* **Task prompt**: Please copy each line below that contains the string "assoc".

* **Supplied entries**:
theorem mainTheorem10:
  fixes n :: nat and E :: "nat \<Rightarrow> nat \<Rightarrow> bool" and \<alpha> :: real
  assumes "unicyclic n E"
    and "max_deg n E \<ge> 3"
    and "0 \<le> \<alpha>" and "\<alpha> < 1"
    and "max_deg n E \<ge> 4 \<or> (max_deg n E = 3 \<and> height n E \<ge> 4)"
  shows "spectral_radius (A_alpha \<alpha> n E) <
    \<alpha> * real (max_deg n E) + 2 * (1 - \<alpha>) * sqrt (real (max_deg n E) - 1)
      * cos (pi / (2 * real (height n E) + 1))"
proof -
  let ?D = "max_deg n E" and ?k = "height n E"
  let ?\<mu> = "2 * sqrt (real ?D - 1) * cos (pi / (2 * real ?k + 1))"
  have "(4 \<le> ?D \<and> 2 \<le> ?k) \<or> (?D = 3 \<and> 4 \<le> ?k)"
    using assms(5) height_ge_2[OF assms(1,2)] by auto
  then obtain f where f_pos: "\<And>j. j < ?k \<Longrightarrow> 0 < f j"
    and f_nonneg: "\<And>j. 0 \<le> f j" and f_anti: "antimono f"
    and at_cycle: "2 * f 0 + (real ?D - 2) * f 1 < ?\<mu> * f 0"
    and off_cycle: "\<And>j. 1 \<le> j \<Longrightarrow> j < ?k \<Longrightarrow>
      f (j - 1) + (real ?D - 1) * f (j + 1) < ?\<mu> * f j"
    by (rule exists_test_profile) blast
  have "spectral_radius (A_alpha \<alpha> n E) < \<alpha> * real ?D + (1 - \<alpha>) * ?\<mu>"
  proof (rule spectral_radius_A_alpha_less[OF unicyclic_pos[OF assms(1)] assms(3,4) deg_le_max_deg])
    fix u assume u: "u < n"
    show "0 < f (cycle_depth n E u)" using f_pos cycle_depth_less_height[OF assms(1) u] .
    show "(\<Sum>w\<in>neighbours n E u. f (cycle_depth n E w)) < ?\<mu> * f (cycle_depth n E u)"
      using neighbour_sum_less[OF assms(1) deg_le_max_deg f_nonneg f_anti at_cycle off_cycle u] .
  qed
  thus ?thesis by (simp add: algebra_simps)
qed

end
lemma saga_step_eq:
  "saga_step h fs n \<eta> (x, \<phi>) i = (x - \<eta> *\<^sub>R Sinv (grad_estimate x \<phi> i), \<phi>(i := x))"
proof -
  let ?g = "grad_estimate x \<phi> i"
  have "(SOME z. grad h z = grad h x - \<eta> *\<^sub>R ?g) = x - \<eta> *\<^sub>R Sinv ?g"
  proof (rule some_equality)
    show "grad h (x - \<eta> *\<^sub>R Sinv ?g) = grad h x - \<eta> *\<^sub>R ?g"
      unfolding grad_h by (simp add: linear_diff[OF linear] linear_scale[OF linear])
  next
    fix z assume "grad h z = grad h x - \<eta> *\<^sub>R ?g"
    then have "S z = S (x - \<eta> *\<^sub>R Sinv ?g)"
      unfolding grad_h by (simp add: linear_diff[OF linear] linear_scale[OF linear])
    then show "z = x - \<eta> *\<^sub>R Sinv ?g" by (simp add: S_eq_iff)
  qed
  then show ?thesis unfolding saga_step_def Let_def grad_estimate_def by simp
qed

lemma sum_grad_estimate: "(\<Sum>i<n. grad_estimate x \<phi> i) = (\<Sum>i<n. grad (fs i) x)"
  unfolding grad_estimate_def using n_pos
  by (simp add: sum.distrib sum_subtractf sum_constant_scaleR)

text \<open>Centre the stored gradients at the minimiser (where they sum to zero) and
  use that centring does not increase the sum of squares.\<close>

lemma sum_dual_qform_grad_estimate_le:
  "(\<Sum>i<n. dual_qform (grad_estimate x \<phi> i))
     \<le> 4 * L * (\<Sum>i<n. bregman (fs i) x xstar) + 4 * L * (\<Sum>i<n. bregman (fs i) (\<phi> i) xstar)"
proof -
  define a where "a i = grad (fs i) x - grad (fs i) xstar" for i
  define d where "d i = grad (fs i) (\<phi> i) - grad (fs i) xstar" for i
  define m where "m = (1 / real (card {..<n})) *\<^sub>R (\<Sum>j<n. d j)"
  have "grad_estimate x \<phi> i = a i + - (d i - m)" for i
    unfolding grad_estimate_def a_def d_def m_def using sum_grad_minimizer
    by (simp add: sum_subtractf)
  then have "(\<Sum>i<n. dual_qform (grad_estimate x \<phi> i))
      \<le> (\<Sum>i<n. 2 * dual_qform (a i) + 2 * dual_qform (d i - m))"
    by (intro sum_mono) (metis dual_qform_add_le dual_qform_minus)
  also have "\<dots> = 2 * (\<Sum>i<n. dual_qform (a i)) + 2 * (\<Sum>i<n. dual_qform (d i - m))"
    by (simp add: sum.distrib sum_distrib_left)
  also have "\<dots> \<le> 2 * (\<Sum>i<n. 2 * L * bregman (fs i) x xstar) + 2 * (\<Sum>i<n. 2 * L * bregman (fs i) (\<phi> i) xstar)"
  proof -
    have "(\<Sum>i<n. dual_qform (d i - m)) \<le> (\<Sum>i<n. dual_qform (d i))"
      unfolding m_def by (rule sum_dual_qform_centered_le) (use n_pos in auto)
    moreover have "(\<Sum>i<n. dual_qform (d i)) \<le> (\<Sum>i<n. 2 * L * bregman (fs i) (\<phi> i) xstar)"
      unfolding d_def by (intro sum_mono dual_qform_grad_fs_diff_le) simp
    moreover have "(\<Sum>i<n. dual_qform (a i)) \<le> (\<Sum>i<n. 2 * L * bregman (fs i) x xstar)"
      unfolding a_def by (intro sum_mono dual_qform_grad_fs_diff_le) simp
    ultimately show ?thesis by linarith
  qed
  also have "\<dots> = 4 * L * (\<Sum>i<n. bregman (fs i) x xstar) + 4 * L * (\<Sum>i<n. bregman (fs i) (\<phi> i) xstar)"
    by (simp add: sum_distrib_left mult.assoc)
  finally show ?thesis .
qed

lemma saga_psi_eq:
  "saga_psi h fs n \<eta> xstar (x, \<phi>)
     = (1 / \<eta>) * ((1/2) * qform (xstar - x)) + (\<Sum>i<n. bregman (fs i) (\<phi> i) xstar) / 2"
  unfolding saga_psi_def bregman_h using n_pos by simp

lemma saga_psi_step:
  assumes i: "i < n" and \<eta>: "\<eta> > 0"
  shows "saga_psi h fs n \<eta> xstar (saga_step h fs n \<eta> (x, \<phi>) i)
    = saga_psi h fs n \<eta> xstar (x, \<phi>) + inner (xstar - x) (grad_estimate x \<phi> i)
      + (\<eta> / 2) * dual_qform (grad_estimate x \<phi> i)
      + (bregman (fs i) x xstar - bregman (fs i) (\<phi> i) xstar) / 2"
proof -
  let ?g = "grad_estimate x \<phi> i"
  have q: "qform (xstar - (x - \<eta> *\<^sub>R Sinv ?g))
      = qform (xstar - x) + 2 * \<eta> * inner (xstar - x) ?g + \<eta>\<^sup>2 * dual_qform ?g"
    using qform_add[of "xstar - x" "\<eta> *\<^sub>R Sinv ?g"]
    by (simp add: qform_scale dual_qform_def linear_scale[OF linear] algebra_simps)
  have H: "(\<Sum>j<n. bregman (fs j) ((\<phi>(i := x)) j) xstar)
      = (\<Sum>j<n. bregman (fs j) (\<phi> j) xstar) + (bregman (fs i) x xstar - bregman (fs i) (\<phi> i) xstar)"
  proof -
    have "(\<Sum>j<n. bregman (fs j) ((\<phi>(i := x)) j) xstar)
        = (\<Sum>j<n. bregman (fs j) (\<phi> j) xstar
             + (if j = i then bregman (fs i) x xstar - bregman (fs i) (\<phi> i) xstar else 0))"
      by (rule sum.cong) auto
    then show ?thesis using i by (simp add: sum.distrib)
  qed
  show ?thesis
    unfolding saga_step_eq saga_psi_eq fst_conv snd_conv q H using \<eta>
    by (simp add: field_simps power2_eq_square)
qed
lemma summable_norm_euler_coeff_power:
  assumes p: "norm p < 1"
  shows "summable (\<lambda>k. norm (euler_coeff p k * x ^ k))"
proof -
  define r where "r = norm p"
  have r: "0 \<le> r" "r < 1"
    using p by (auto simp: r_def)
  have "(\<lambda>n. r ^ n) \<longlonglongrightarrow> 0"
    using r by (intro LIMSEQ_power_zero) auto
  then have "(\<lambda>n. norm x * r ^ n / (1 - r)) \<longlonglongrightarrow> 0"
    by (intro tendsto_divide_zero tendsto_mult_right_zero)
  then have "eventually (\<lambda>n. norm x * r ^ n / (1 - r) < 1/2) sequentially"
    by (rule order_tendstoD) simp
  then obtain N where N: "\<And>n. n \<ge> N \<Longrightarrow> norm x * r ^ n / (1 - r) < 1/2"
    by (auto simp: eventually_sequentially)
  show ?thesis
  proof (rule summable_ratio_test[of "1/2" N])
    fix n assume "n \<ge> N"
    have "1 - r \<le> norm (1 - p ^ Suc n)"
      using norm_triangle_ineq2[of 1 "p ^ Suc n"] norm_mult_power_le[of p p n] p
      by (simp add: r_def)
    then have "r ^ n * norm x / norm (1 - p ^ Suc n) \<le> norm x * r ^ n / (1 - r)"
      using r by (simp add: frac_le mult.commute)
    also have "\<dots> \<le> 1/2"
      using N[OF \<open>n \<ge> N\<close>] by simp
    finally have ratio: "r ^ n * norm x / norm (1 - p ^ Suc n) \<le> 1/2" .
    have "norm (euler_coeff p (Suc n) * x ^ Suc n)
          = norm (euler_coeff p n * x ^ n) * (r ^ n * norm x / norm (1 - p ^ Suc n))"
      by (simp add: norm_mult norm_divide norm_power r_def field_simps)
    also have "\<dots> \<le> norm (euler_coeff p n * x ^ n) * (1/2)"
      using ratio by (intro mult_left_mono) auto
    finally show "norm (norm (euler_coeff p (Suc n) * x ^ Suc n))
                    \<le> 1/2 * norm (norm (euler_coeff p n * x ^ n))"
      by simp
  qed simp
qed
lemma \<kappa>_Suc: "\<kappa> (Suc j) = q\<^sup>2 * \<kappa> j" and \<kappa>'_Suc: "q\<^sup>2 * \<kappa>' (Suc j) = \<kappa>' j"
proof -
  have step: "q powi (2 + k) = q\<^sup>2 * q powi k" for k :: int
    using q_nonzero by (simp add: power_int_add)
  have "2 * int (Suc j) - int d = 2 + (2 * int j - int d)" "int d - 2 * int j = 2 + (int d - 2 * int (Suc j))"
    by simp_all
  then show "\<kappa> (Suc j) = q\<^sup>2 * \<kappa> j" "q\<^sup>2 * \<kappa>' (Suc j) = \<kappa>' j"
    by (simp_all only: \<kappa>_def \<kappa>'_def step)
qed

lemma \<kappa>_reverse: "j \<le> d \<Longrightarrow> \<kappa> (d - j) = \<kappa>' j" and \<kappa>'_reverse: "j \<le> d \<Longrightarrow> \<kappa>' (d - j) = \<kappa> j"
  by (simp_all add: \<kappa>_def \<kappa>'_def algebra_simps)

lemma inj_\<kappa>: "inj \<kappa>"
proof (rule injI)
  fix i j assume "\<kappa> i = \<kappa> j"
  then have "2 * int i - int d = 2 * int j - int d"
    by (intro power_int_inj[OF q_nonzero q_not_root_of_unity]) (simp add: \<kappa>_def)
  then show "i = j" by simp
qed

lemma inj_\<kappa>': "inj \<kappa>'"
proof (rule injI)
  fix i j assume "\<kappa>' i = \<kappa>' j"
  then have "int d - 2 * int i = int d - 2 * int j"
    by (intro power_int_inj[OF q_nonzero q_not_root_of_unity]) (simp add: \<kappa>'_def)
  then show "i = j" by simp
qed

lemma linear_A: "Vector_Spaces.linear s s A" and linear_As: "Vector_Spaces.linear s s As"
  and irreducible: "\<And>W. subspace W \<Longrightarrow> A ` W \<subseteq> W \<Longrightarrow> As ` W \<subseteq> W \<Longrightarrow> W = {0} \<or> W = UNIV"
  using td_pair by (simp_all add: TD_pair_def)
(* Let $a,b,c\in\mathbb{Z}$ with $a,b$ odd, $c\equiv2\pmod4$, and $ab(a+b)c$ a nonzero perfect square. If the equation $ax^2+by^2=cz^2$ is partition regular with respect to $x,y$, then $ab\equiv1\pmod 8$.
   Context: The equation $ax^2+by^2=cz^2$ is partition regular with respect to $x,y$ if for every finite coloring of $\mathbb{N}=\{1,2,\dots\}$ there exist distinct $x,y\in\mathbb{N}$ of the same color and $z\in\mathbb{N}$ with $ax^2+by^2=cz^2$. A perfect square is $k^2$, $k\in\mathbb{Z}$. *)

theory Defs
  imports Main
begin

definition partition_regular_xy :: "int \<Rightarrow> int \<Rightarrow> int \<Rightarrow> bool" where
  "partition_regular_xy a b c \<longleftrightarrow>
     (\<forall>(r::nat) (col::nat \<Rightarrow> nat). (\<forall>n. n > 0 \<longrightarrow> col n < r) \<longrightarrow>
        (\<exists>x y z::nat. x > 0 \<and> y > 0 \<and> z > 0 \<and> x \<noteq> y \<and> col x = col y \<and>
           a * (int x)^2 + b * (int y)^2 = c * (int z)^2))"

definition perfect_square :: "int \<Rightarrow> bool" where
  "perfect_square n \<longleftrightarrow> (\<exists>k::int. n = k^2)"

end

theory Submission
  imports Defs "HOL-Computational_Algebra.Primes"
begin

text \<open>
  Every nonzero integer is uniquely \<open>2^n s\<close> with \<open>s\<close> odd, and odd squares are \<open>1 mod 8\<close>; so
  \<open>2^n s = 2^p c z^2\<close> with \<open>s, c\<close> odd forces \<open>n \<equiv> p (mod 2)\<close> and \<open>s \<equiv> c (mod 8)\<close>.
  Write \<open>a + b = 2^E u\<close> and \<open>c = 2c'\<close> with \<open>u, c'\<close> odd; the square hypothesis gives
  \<open>abuc' \<equiv> 1 (mod 8)\<close>. Colour \<open>2^i X\<close> (\<open>X\<close> odd) by \<open>X mod 2^(E+3)\<close>. For a monochromatic
  solution \<open>x = 2^i X, y = 2^j Y\<close> the valuations force \<open>i = j\<close>, and then
  \<open>aX^2 + bY^2 = 2^E s\<close> with \<open>s \<equiv> u (mod 8)\<close> because \<open>X \<equiv> Y (mod 2^(E+3))\<close>.
  Comparing with \<open>2c'z^2\<close> gives \<open>u \<equiv> c' (mod 8)\<close>, hence \<open>ab \<equiv> abuc' \<equiv> 1 (mod 8)\<close>.
\<close>

lemma odd_square_mod_8:
  fixes x :: int
  assumes "odd x"
  shows "x\<^sup>2 mod 8 = 1"
proof -
  obtain k where "x = 2 * k + 1" using assms oddE by blast
  moreover obtain m where "k * (k + 1) = 2 * m" by (metis dvd_def even_mult_iff odd_add odd_one)
  ultimately have "x\<^sup>2 = 8 * m + 1" by (simp add: power2_eq_square algebra_simps)
  then show ?thesis by simp
qed

lemma mult_odd_square_mod_8:
  fixes x c :: int
  assumes "odd c"
  shows "(x * c\<^sup>2) mod 8 = x mod 8"
  by (metis assms mod_mult_right_eq mult.right_neutral odd_square_mod_8)

lemma mult_congruent_odd_pair_mod_8:
  fixes x u c :: int
  assumes "odd c" "u mod 8 = c mod 8"
  shows "(x * u * c) mod 8 = x mod 8"
proof -
  have "(x * u * c) mod 8 = (x * c * (u mod 8)) mod 8"
    by (metis mod_mult_right_eq mult.assoc mult.commute)
  also have "\<dots> = (x * c\<^sup>2) mod 8"
    using assms(2) by (metis mod_mult_right_eq mult.assoc power2_eq_square)
  finally show ?thesis using mult_odd_square_mod_8[OF assms(1)] by simp
qed

lemma multiplicity_two_pow_times_odd:
  fixes s :: int
  assumes "odd s"
  shows "multiplicity 2 (2 ^ n * s) = n"
proof -
  have "prime_elem (2::int)" by simp
  moreover have "s \<noteq> 0" using assms by auto
  ultimately show ?thesis
    using assms by (simp add: prime_elem_multiplicity_mult_distrib multiplicity_eq_zero_iff)
qed

lemma pow2_times_odd_eq_iff:
  fixes s t :: int
  assumes "odd s" "odd t"
  shows "2 ^ n * s = 2 ^ m * t \<longleftrightarrow> n = m \<and> s = t"
  using multiplicity_two_pow_times_odd[OF assms(1), of n]
    multiplicity_two_pow_times_odd[OF assms(2), of m] by auto

lemma pow2_times_odd_decomposition:
  fixes x :: int
  assumes "x \<noteq> 0"
  obtains n s where "x = 2 ^ n * s" "odd s"
  by (rule multiplicity_decompose'[OF assms, of 2]) (auto intro: that)

lemma pow2_times_odd_eq_square_multiple:
  fixes s c z :: int
  assumes "odd s" "odd c" "2 ^ n * s = 2 ^ p * c * z\<^sup>2"
  shows "p \<le> n \<and> even (n - p) \<and> s mod 8 = c mod 8"
proof -
  have "z \<noteq> 0" using assms by auto
  then obtain k w where z: "z = 2 ^ k * w" and "odd w" by (rule pow2_times_odd_decomposition)
  have "2 ^ p * c * z\<^sup>2 = 2 ^ (p + 2 * k) * (c * w\<^sup>2)"
    unfolding z by (simp add: power_add power_mult algebra_simps)
  with assms \<open>odd w\<close> have "n = p + 2 * k" and "s = c * w\<^sup>2"
    using pow2_times_odd_eq_iff by auto
  then show ?thesis using mult_odd_square_mod_8[OF \<open>odd w\<close>] by simp
qed

lemma pow2_times_odd_eq_square:
  fixes s k :: int
  assumes "odd s" "2 ^ n * s = k\<^sup>2"
  shows "even n \<and> s mod 8 = 1"
  using pow2_times_odd_eq_square_multiple[of s 1 n 0 k] assms by simp

lemma equal_levels_of_odd_solution:
  fixes a b c X Y z :: int
  assumes "odd a" "odd b" "odd c" "odd X" "odd Y"
    and "a * (2 ^ i * X)\<^sup>2 + b * (2 ^ j * Y)\<^sup>2 = 2 * c * z\<^sup>2"
  shows "i = j"
proof -
  have lower_level_impossible: False
    if "odd a" "odd b" "odd X" "odd Y" "i < j"
      and eq: "a * (2 ^ i * X)\<^sup>2 + b * (2 ^ j * Y)\<^sup>2 = 2 * c * z\<^sup>2"
    for a b X Y :: int and i j :: nat
  proof -
    obtain d where j: "j = i + Suc d" using \<open>i < j\<close> less_iff_Suc_add by auto
    define s where "s = a * X\<^sup>2 + b * (2 ^ Suc d * Y)\<^sup>2"
    have "odd s" unfolding s_def using that by simp
    have "2 ^ j * Y = 2 ^ i * (2 ^ Suc d * Y)" unfolding j by (simp add: power_add)
    have "2 ^ (2 * i) * s = a * (2 ^ i * X)\<^sup>2 + b * (2 ^ i * (2 ^ Suc d * Y))\<^sup>2"
      unfolding s_def by (simp add: power_mult algebra_simps)
    also have "\<dots> = 2 ^ 1 * c * z\<^sup>2"
      using eq \<open>2 ^ j * Y = 2 ^ i * (2 ^ Suc d * Y)\<close> by simp
    finally have "2 ^ (2 * i) * s = 2 ^ 1 * c * z\<^sup>2" .
    from pow2_times_odd_eq_square_multiple[OF \<open>odd s\<close> \<open>odd c\<close> this] show False by auto
  qed
  show "i = j"
  proof (rule linorder_cases)
    assume "i < j" then show ?thesis using lower_level_impossible assms by blast
  next
    assume "j < i" then show ?thesis
      using lower_level_impossible[of b a Y X j i] assms by (simp add: add.commute)
  qed
qed

lemma sum_of_congruent_odd_squares:
  fixes a b u X Y :: int
  assumes "odd u" "odd X" "a + b = 2 ^ E * u" "2 ^ (E + 3) dvd X - Y"
  obtains s where "a * X\<^sup>2 + b * Y\<^sup>2 = 2 ^ E * s" "odd s" "s mod 8 = u mod 8"
proof -
  define F :: int where "F = 2 ^ E"
  have "2 ^ (E + 3) = 8 * F" unfolding F_def by (simp add: power_add)
  with assms(4) obtain t where "X - Y = 8 * F * t" by (metis dvdE)
  then have Y: "Y = X - 8 * F * t" by simp
  define W where "W = 2 * b * (4 * F * t\<^sup>2 - X * t)"
  define s where "s = u * X\<^sup>2 + 8 * W"
  have "a * X\<^sup>2 + b * Y\<^sup>2 = (a + b) * X\<^sup>2 + 16 * F * b * (4 * F * t\<^sup>2 - X * t)"
    unfolding Y by (simp add: power2_eq_square algebra_simps)
  also have "\<dots> = F * s"
    unfolding assms(3) F_def[symmetric] s_def W_def by (simp add: algebra_simps)
  finally have "a * X\<^sup>2 + b * Y\<^sup>2 = 2 ^ E * s" unfolding F_def .
  moreover have "odd s" unfolding s_def using assms by simp
  moreover have "s mod 8 = u mod 8"
    unfolding s_def using mult_odd_square_mod_8[OF \<open>odd X\<close>] by (simp add: mod_add_left_eq)
  ultimately show thesis by (rule that)
qed

definition odd_part :: "nat \<Rightarrow> nat" where
  "odd_part n = n div 2 ^ multiplicity 2 n"

lemma odd_part_decomposition: "n = 2 ^ multiplicity 2 n * odd_part n"
  unfolding odd_part_def by (simp add: multiplicity_dvd)

lemma odd_odd_part: "n \<noteq> 0 \<Longrightarrow> odd (odd_part n)"
  unfolding odd_part_def using multiplicity_decompose[of n 2] by simp

lemma partition_regular_xy_congruent_odd_parts:
  assumes "partition_regular_xy a b c"
  obtains i j :: nat and X Y z :: int
  where "odd X" "odd Y" "2 ^ M dvd X - Y" "a * (2 ^ i * X)\<^sup>2 + b * (2 ^ j * Y)\<^sup>2 = c * z\<^sup>2"
proof -
  define col where "col n = odd_part n mod 2 ^ M" for n
  have "\<forall>n. n > 0 \<longrightarrow> col n < 2 ^ M" unfolding col_def by simp
  with assms obtain x y z :: nat where "x > 0" "y > 0" "col x = col y"
    and eq: "a * (int x)\<^sup>2 + b * (int y)\<^sup>2 = c * (int z)\<^sup>2"
    unfolding partition_regular_xy_def by blast
  define X Y where "X = int (odd_part x)" and "Y = int (odd_part y)"
  have "X mod 2 ^ M = Y mod 2 ^ M"
    using \<open>col x = col y\<close> unfolding col_def X_def Y_def
    by (metis of_nat_mod of_nat_numeral of_nat_power)
  then have "2 ^ M dvd X - Y" by (simp add: mod_eq_dvd_iff)
  moreover have "odd X" "odd Y"
    unfolding X_def Y_def using \<open>x > 0\<close> \<open>y > 0\<close> odd_odd_part by auto
  moreover have "int x = 2 ^ multiplicity 2 x * X" "int y = 2 ^ multiplicity 2 y * Y"
    unfolding X_def Y_def by (metis odd_part_decomposition of_nat_mult of_nat_numeral of_nat_power)+
  ultimately show thesis using that eq by simp
qed

theorem propositionP:
  fixes a b c :: int
  assumes "odd a" and "odd b" and "c mod 4 = 2"
    and "a * b * (a + b) * c \<noteq> 0"
    and "perfect_square (a * b * (a + b) * c)"
    and "partition_regular_xy a b c"
  shows "a * b mod 8 = 1"
proof -
  obtain c' where c: "c = 2 * c'" and "odd c'"
  proof
    show "c = 2 * (c div 2)" "odd (c div 2)" using \<open>c mod 4 = 2\<close> by presburger+
  qed
  have "a + b \<noteq> 0" using assms(4) by auto
  then obtain E u where ab: "a + b = 2 ^ E * u" and "odd u" by (rule pow2_times_odd_decomposition)
  obtain k where "a * b * (a + b) * c = k\<^sup>2" using assms(5) unfolding perfect_square_def by blast
  moreover have "a * b * (a + b) * c = 2 ^ (E + 1) * (a * b * u * c')"
    unfolding ab c by (simp add: algebra_simps)
  moreover have "odd (a * b * u * c')" using assms(1,2) \<open>odd u\<close> \<open>odd c'\<close> by simp
  ultimately have square: "(a * b * u * c') mod 8 = 1" using pow2_times_odd_eq_square by metis
  obtain i j X Y z where "odd X" "odd Y" "2 ^ (E + 3) dvd X - Y"
    and eq: "a * (2 ^ i * X)\<^sup>2 + b * (2 ^ j * Y)\<^sup>2 = 2 * c' * z\<^sup>2"
    using partition_regular_xy_congruent_odd_parts[OF assms(6)] unfolding c by metis
  have "i = j" using equal_levels_of_odd_solution[OF assms(1,2) \<open>odd c'\<close> \<open>odd X\<close> \<open>odd Y\<close> eq] .
  obtain s where s: "a * X\<^sup>2 + b * Y\<^sup>2 = 2 ^ E * s" "odd s" "s mod 8 = u mod 8"
    using sum_of_congruent_odd_squares[OF \<open>odd u\<close> \<open>odd X\<close> ab \<open>2 ^ (E + 3) dvd X - Y\<close>] .
  have "2 ^ (2 * i + E) * s = (2 ^ i)\<^sup>2 * (a * X\<^sup>2 + b * Y\<^sup>2)"
    unfolding s(1) by (simp add: power_add power_mult algebra_simps)
  also have "\<dots> = 2 ^ 1 * c' * z\<^sup>2" using eq \<open>i = j\<close> by (simp add: power_mult_distrib algebra_simps)
  finally have "s mod 8 = c' mod 8"
    using pow2_times_odd_eq_square_multiple[OF \<open>odd s\<close> \<open>odd c'\<close>] by blast
  with s(3) have "u mod 8 = c' mod 8" by simp
  then show ?thesis using square mult_congruent_odd_pair_mod_8[OF \<open>odd c'\<close>] by metis
qed

end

* **Response to the exercise**:
    by (simp add: sum_distrib_left mult.assoc)
    by (metis mod_mult_right_eq mult.assoc mult.commute)
    using assms(2) by (metis mod_mult_right_eq mult.assoc power2_eq_square)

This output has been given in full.